Medical professional recommendations are based on your medical history, age and current condition, and a risk-benefit analysis considering a drug’s potential side effects and health outcomes.
When prescribing a drug like semaglutide, your doctor will consider your BMI (body mass index), underlying health conditions (including diabetes, AFib, high blood pressure and heart disease) and any personal history of certain conditions, like pancreatitis. If your BMI indicates that you are overweight or obese and have risk factors other than diabetes, your doctor may recommend taking Wegovy. If you have type 2 diabetes and are overweight, your doctor may recommend taking Ozempic to help manage this condition and reduce your risk factors for premature death.
“Many insurances do not cover Wegovy but do cover Ozempic. I wish these and other drugs could be more affordable,” Dr. Iacobellis says.
If you do not have any risk factors for stroke or cardiovascular disease, and you want to lose some weight, your provider can help determine the safest and most effective way for you to reach and maintain a healthy weight. Patients prescribed semaglutide are advised to increase their physical activity/exercise and reduce their daily caloric intake with a heart-healthy diet. These lifestyle changes not only support the effectiveness of weight loss medication, they also help patients at all fitness levels improve cardio-pulmonary and neurological health, increase energy and lower stress.
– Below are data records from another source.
(* Let $n\ge3$, $a\in\mathbb{C}^\times$, and let $E_{i,j}$ denote the matrix units in $gl_{2n}(\mathbb{C})$. The assignment $$\psi_a(e_i)=E_{i,i+1}-E_{n+i+1,n+i},\quad \psi_a(f_i)=E_{i+1,i}-E_{n+i,n+i+1}\quad(1\le i\le n-1),$$ $$\psi_a(e_n)=E_{n,n+1}+a^{-1}E_{1,2n},\quad \psi_a(f_n)=E_{n+1,n}+aE_{2n,1}$$ extends to a Lie algebra homomorphism $\psi_a:\mathrm{gim}(M_n)\to sl_{2n}$. Moreover: if $a\neq\pm1$ then the image of $\psi_a$ is $sl_{2n}$; if $a=1$ the image of $\psi_a$ is isomorphic to $sp_{2n}$; if $a=-1$ the image of $\psi_a$ is isomorphic to $so_{2n}$.
   Context: For $n\geq 3$, $M_n=(m_{i,j})$ is the $n\times n$ integer matrix with $m_{i,i}=2$, $m_{i,i+1}=m_{i+1,i}=-1$ ($1\le i\le n-1$), $m_{1,n}=m_{n,1}=1$, all other entries $0$. $\mathrm{gim}(M_n)$ is the complex Lie algebra generated by $e_i,f_i,h_i$ ($1\le i\le n$) with relations: (R1) $[h_i,e_j]=m_{i,j}e_j$, $[h_i,f_j]=-m_{i,j}f_j$, $[e_i,f_i]=h_i$ for all $i,j$; (R2) for $i\ne j$ with $m_{i,j}\le0$: $[e_i,f_j]=0=[f_i,e_j]$, $(\mathrm{ad}\,e_i)^{1-m_{i,j}}e_j=0=(\mathrm{ad}\,f_i)^{1-m_{i,j}}f_j$; (R3) for $i\ne j$ with $m_{i,j}>0$: $[e_i,e_j]=0=[f_i,f_j]$, $(\mathrm{ad}\,e_i)^{m_{i,j}+1}f_j=0=(\mathrm{ad}\,f_i)^{m_{i,j}+1}e_j$. *)

theory Defs
  imports Complex_Main
begin

text \<open>Square matrices of size N are represented as functions nat => nat => complex,
  with 1-based indices in {1..N} and all entries outside {1..N} x {1..N} equal to 0.\<close>

type_synonym cmat = "nat \<Rightarrow> nat \<Rightarrow> complex"

definition is_mat :: "nat \<Rightarrow> cmat \<Rightarrow> bool" where
  "is_mat N A \<longleftrightarrow> (\<forall>p q. (p \<notin> {1..N} \<or> q \<notin> {1..N}) \<longrightarrow> A p q = 0)"

definition mzero :: cmat where "mzero = (\<lambda>p q. 0)"
definition madd :: "cmat \<Rightarrow> cmat \<Rightarrow> cmat" where "madd A B = (\<lambda>p q. A p q + B p q)"
definition msub :: "cmat \<Rightarrow> cmat \<Rightarrow> cmat" where "msub A B = (\<lambda>p q. A p q - B p q)"
definition msmult :: "complex \<Rightarrow> cmat \<Rightarrow> cmat" where "msmult c A = (\<lambda>p q. c * A p q)"
definition mtrans :: "cmat \<Rightarrow> cmat" where "mtrans A = (\<lambda>p q. A q p)"
definition mmul :: "nat \<Rightarrow> cmat \<Rightarrow> cmat \<Rightarrow> cmat" where
  "mmul N A B = (\<lambda>p q. \<Sum>k\<in>{1..N}. A p k * B k q)"
definition mtrace :: "nat \<Rightarrow> cmat \<Rightarrow> complex" where
  "mtrace N A = (\<Sum>k\<in>{1..N}. A k k)"

definition munit :: "nat \<Rightarrow> nat \<Rightarrow> cmat" where
  "munit i j = (\<lambda>p q. if p = i \<and> q = j then 1 else 0)"

definition bracket :: "nat \<Rightarrow> cmat \<Rightarrow> cmat \<Rightarrow> cmat" where
  "bracket N A B = msub (mmul N A B) (mmul N B A)"

definition gl_set :: "nat \<Rightarrow> cmat set" where "gl_set N = {A. is_mat N A}"
definition sl_set :: "nat \<Rightarrow> cmat set" where "sl_set N = {A. is_mat N A \<and> mtrace N A = 0}"

text \<open>sp_{2n}: X^T J + J X = 0 with J = [[0, I_n], [-I_n, 0]].\<close>
definition Jmat :: "nat \<Rightarrow> cmat" where
  "Jmat n = (\<lambda>p q. if 1 \<le> p \<and> p \<le> n \<and> q = p + n then 1
                    else if n < p \<and> p \<le> 2*n \<and> q + n = p then -1 else 0)"
definition sp_set :: "nat \<Rightarrow> cmat set" where
  "sp_set n = {X. is_mat (2*n) X \<and>
      madd (mmul (2*n) (mtrans X) (Jmat n)) (mmul (2*n) (Jmat n) X) = mzero}"
definition so_set :: "nat \<Rightarrow> cmat set" where
  "so_set N = {X. is_mat N X \<and> mtrans X = msmult (-1) X}"

inductive_set lie_gen :: "nat \<Rightarrow> cmat set \<Rightarrow> cmat set" for N S where
  gen: "X \<in> S \<Longrightarrow> X \<in> lie_gen N S"
| zero: "mzero \<in> lie_gen N S"
| add: "X \<in> lie_gen N S \<Longrightarrow> Y \<in> lie_gen N S \<Longrightarrow> madd X Y \<in> lie_gen N S"
| smult: "X \<in> lie_gen N S \<Longrightarrow> msmult c X \<in> lie_gen N S"
| brk: "X \<in> lie_gen N S \<Longrightarrow> Y \<in> lie_gen N S \<Longrightarrow> bracket N X Y \<in> lie_gen N S"

definition lie_iso :: "nat \<Rightarrow> cmat set \<Rightarrow> nat \<Rightarrow> cmat set \<Rightarrow> bool" where
  "lie_iso N A M B \<longleftrightarrow> (\<exists>\<phi>. bij_betw \<phi> A B \<and>
     (\<forall>X\<in>A. \<forall>Y\<in>A. \<phi> (madd X Y) = madd (\<phi> X) (\<phi> Y)) \<and>
     (\<forall>c. \<forall>X\<in>A. \<phi> (msmult c X) = msmult c (\<phi> X)) \<and>
     (\<forall>X\<in>A. \<forall>Y\<in>A. \<phi> (bracket N X Y) = bracket M (\<phi> X) (\<phi> Y)))"

definition Mn :: "nat \<Rightarrow> nat \<Rightarrow> nat \<Rightarrow> int" where
  "Mn n i j = (if i = j then 2
               else if j = i + 1 \<or> i = j + 1 then -1
               else if (i = 1 \<and> j = n) \<or> (i = n \<and> j = 1) then 1 else 0)"

text \<open>By the universal property of a
  Lie algebra given by generators and relations, an assignment on generators extends
  to a Lie algebra homomorphism gim(M_n) -> gl_N iff these relations hold.\<close>
definition gim_relations :: "nat \<Rightarrow> nat \<Rightarrow> (nat \<Rightarrow> cmat) \<Rightarrow> (nat \<Rightarrow> cmat) \<Rightarrow> (nat \<Rightarrow> cmat) \<Rightarrow> bool" where
  "gim_relations n N E F H \<longleftrightarrow>
    (\<forall>i\<in>{1..n}. \<forall>j\<in>{1..n}.
       bracket N (H i) (E j) = msmult (of_int (Mn n i j)) (E j) \<and>
       bracket N (H i) (F j) = msmult (- of_int (Mn n i j)) (F j)) \<and>
    (\<forall>i\<in>{1..n}. bracket N (E i) (F i) = H i) \<and>
    (\<forall>i\<in>{1..n}. \<forall>j\<in>{1..n}. i \<noteq> j \<and> Mn n i j \<le> 0 \<longrightarrow>
       bracket N (E i) (F j) = mzero \<and> bracket N (F i) (E j) = mzero \<and>
       (bracket N (E i) ^^ nat (1 - Mn n i j)) (E j) = mzero \<and>
       (bracket N (F i) ^^ nat (1 - Mn n i j)) (F j) = mzero) \<and>
    (\<forall>i\<in>{1..n}. \<forall>j\<in>{1..n}. i \<noteq> j \<and> Mn n i j > 0 \<longrightarrow>
       bracket N (E i) (E j) = mzero \<and> bracket N (F i) (F j) = mzero \<and>
       (bracket N (E i) ^^ nat (Mn n i j + 1)) (F j) = mzero \<and>
       (bracket N (F i) ^^ nat (Mn n i j + 1)) (E j) = mzero)"

definition psiE :: "nat \<Rightarrow> complex \<Rightarrow> nat \<Rightarrow> cmat" where
  "psiE n a i = (if i < n then msub (munit i (i+1)) (munit (n+i+1) (n+i))
                 else madd (munit n (n+1)) (msmult (inverse a) (munit 1 (2*n))))"
definition psiF :: "nat \<Rightarrow> complex \<Rightarrow> nat \<Rightarrow> cmat" where
  "psiF n a i = (if i < n then msub (munit (i+1) i) (munit (n+i) (n+i+1))
                 else madd (munit (n+1) n) (msmult a (munit (2*n) 1)))"
definition psiH :: "nat \<Rightarrow> complex \<Rightarrow> nat \<Rightarrow> cmat" where
  "psiH n a i = bracket (2*n) (psiE n a i) (psiF n a i)"

definition psi_image :: "nat \<Rightarrow> complex \<Rightarrow> cmat set" where
  "psi_image n a = lie_gen (2*n) (\<Union>i\<in>{1..n}. {psiE n a i, psiF n a i, psiH n a i})"

end

theory Submission
  imports Defs
begin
Obesity affects the quality of life of millions of people.Dr. Iacobellis
“I am in favor of weight loss interventions with science- and clinical-based evidence, in cases that are not contraindicated, of course.”
He says semaglutide may be appropriate for overweight and obese patients who are considered otherwise healthy.
Patients like these “are still at higher risk because they are obese or even just overweight with abdominal fat accumulation. Obesity itself is a major risk factor for diabetes and heart disease. Losing even 10 pounds can make a difference in both health and quality of life,” he says.
“As with any pharmacological treatment, including Ozempic, it must be prescribed and supervised by a doctor — without question.”
Dana Kantrowitz is a contributor for UHealth’s news service.